# [Your objective]
These records must be written out again exactly.
[[ Data in this exercise, beginning ]]
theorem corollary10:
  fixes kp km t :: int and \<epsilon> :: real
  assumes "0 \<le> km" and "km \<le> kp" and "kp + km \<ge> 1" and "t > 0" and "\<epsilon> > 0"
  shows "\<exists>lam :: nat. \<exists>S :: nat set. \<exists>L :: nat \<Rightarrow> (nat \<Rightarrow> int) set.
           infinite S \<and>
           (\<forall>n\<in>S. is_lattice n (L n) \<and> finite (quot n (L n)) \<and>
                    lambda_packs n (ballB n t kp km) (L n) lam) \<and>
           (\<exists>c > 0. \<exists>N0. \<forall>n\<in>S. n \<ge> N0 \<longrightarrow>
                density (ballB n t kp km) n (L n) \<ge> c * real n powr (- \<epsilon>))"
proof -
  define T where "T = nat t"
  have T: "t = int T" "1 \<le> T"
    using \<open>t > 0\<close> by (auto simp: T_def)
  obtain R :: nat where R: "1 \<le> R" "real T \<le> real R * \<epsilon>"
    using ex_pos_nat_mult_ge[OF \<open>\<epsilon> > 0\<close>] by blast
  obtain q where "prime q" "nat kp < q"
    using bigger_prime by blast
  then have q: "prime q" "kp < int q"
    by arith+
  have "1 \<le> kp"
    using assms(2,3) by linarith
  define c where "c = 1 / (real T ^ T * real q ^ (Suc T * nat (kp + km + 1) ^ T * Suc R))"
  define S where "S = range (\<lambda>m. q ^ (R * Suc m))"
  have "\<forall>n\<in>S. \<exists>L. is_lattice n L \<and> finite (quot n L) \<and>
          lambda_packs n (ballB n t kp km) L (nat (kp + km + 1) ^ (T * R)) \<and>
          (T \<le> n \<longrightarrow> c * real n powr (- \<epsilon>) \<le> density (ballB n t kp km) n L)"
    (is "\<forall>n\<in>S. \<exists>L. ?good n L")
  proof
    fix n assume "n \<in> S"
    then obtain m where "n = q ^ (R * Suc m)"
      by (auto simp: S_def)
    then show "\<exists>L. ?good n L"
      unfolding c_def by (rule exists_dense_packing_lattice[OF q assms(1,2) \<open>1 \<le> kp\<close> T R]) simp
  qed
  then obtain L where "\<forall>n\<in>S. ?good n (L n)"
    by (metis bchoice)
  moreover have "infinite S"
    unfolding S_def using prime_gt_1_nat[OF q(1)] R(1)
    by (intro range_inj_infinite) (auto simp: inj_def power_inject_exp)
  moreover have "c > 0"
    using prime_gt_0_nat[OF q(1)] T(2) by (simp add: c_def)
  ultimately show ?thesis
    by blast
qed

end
[[ Data in this exercise, end ]]
# [Exercise solution]
theorem corollary10:
  fixes kp km t :: int and \<epsilon> :: real
  assumes "0 \<le> km" and "km \<le> kp" and "kp + km \<ge> 1" and "t > 0" and "\<epsilon> > 0"
  shows "\<exists>lam :: nat. \<exists>S :: nat set. \<exists>L :: nat \<Rightarrow> (nat \<Rightarrow> int) set.
           infinite S \<and>
           (\<forall>n\<in>S. is_lattice n (L n) \<and> finite (quot n (L n)) \<and>
                    lambda_packs n (ballB n t kp km) (L n) lam) \<and>
           (\<exists>c > 0. \<exists>N0. \<forall>n\<in>S. n \<ge> N0 \<longrightarrow>
                density (ballB n t kp km) n (L n) \<ge> c * real n powr (- \<epsilon>))"
proof -
  define T where "T = nat t"
  have T: "t = int T" "1 \<le> T"
    using \<open>t > 0\<close> by (auto simp: T_def)
  obtain R :: nat where R: "1 \<le> R" "real T \<le> real R * \<epsilon>"
    using ex_pos_nat_mult_ge[OF \<open>\<epsilon> > 0\<close>] by blast
  obtain q where "prime q" "nat kp < q"
    using bigger_prime by blast
  then have q: "prime q" "kp < int q"
    by arith+
  have "1 \<le> kp"
    using assms(2,3) by linarith
  define c where "c = 1 / (real T ^ T * real q ^ (Suc T * nat (kp + km + 1) ^ T * Suc R))"
  define S where "S = range (\<lambda>m. q ^ (R * Suc m))"
  have "\<forall>n\<in>S. \<exists>L. is_lattice n L \<and> finite (quot n L) \<and>
          lambda_packs n (ballB n t kp km) L (nat (kp + km + 1) ^ (T * R)) \<and>
          (T \<le> n \<longrightarrow> c * real n powr (- \<epsilon>) \<le> density (ballB n t kp km) n L)"
    (is "\<forall>n\<in>S. \<exists>L. ?good n L")
  proof
    fix n assume "n \<in> S"
    then obtain m where "n = q ^ (R * Suc m)"
      by (auto simp: S_def)
    then show "\<exists>L. ?good n L"
      unfolding c_def by (rule exists_dense_packing_lattice[OF q assms(1,2) \<open>1 \<le> kp\<close> T R]) simp
  qed
  then obtain L where "\<forall>n\<in>S. ?good n (L n)"
    by (metis bchoice)
  moreover have "infinite S"
    unfolding S_def using prime_gt_1_nat[OF q(1)] R(1)
    by (intro range_inj_infinite) (auto simp: inj_def power_inject_exp)
  moreover have "c > 0"
    using prime_gt_0_nat[OF q(1)] T(2) by (simp add: c_def)
  ultimately show ?thesis
    by blast
qed

end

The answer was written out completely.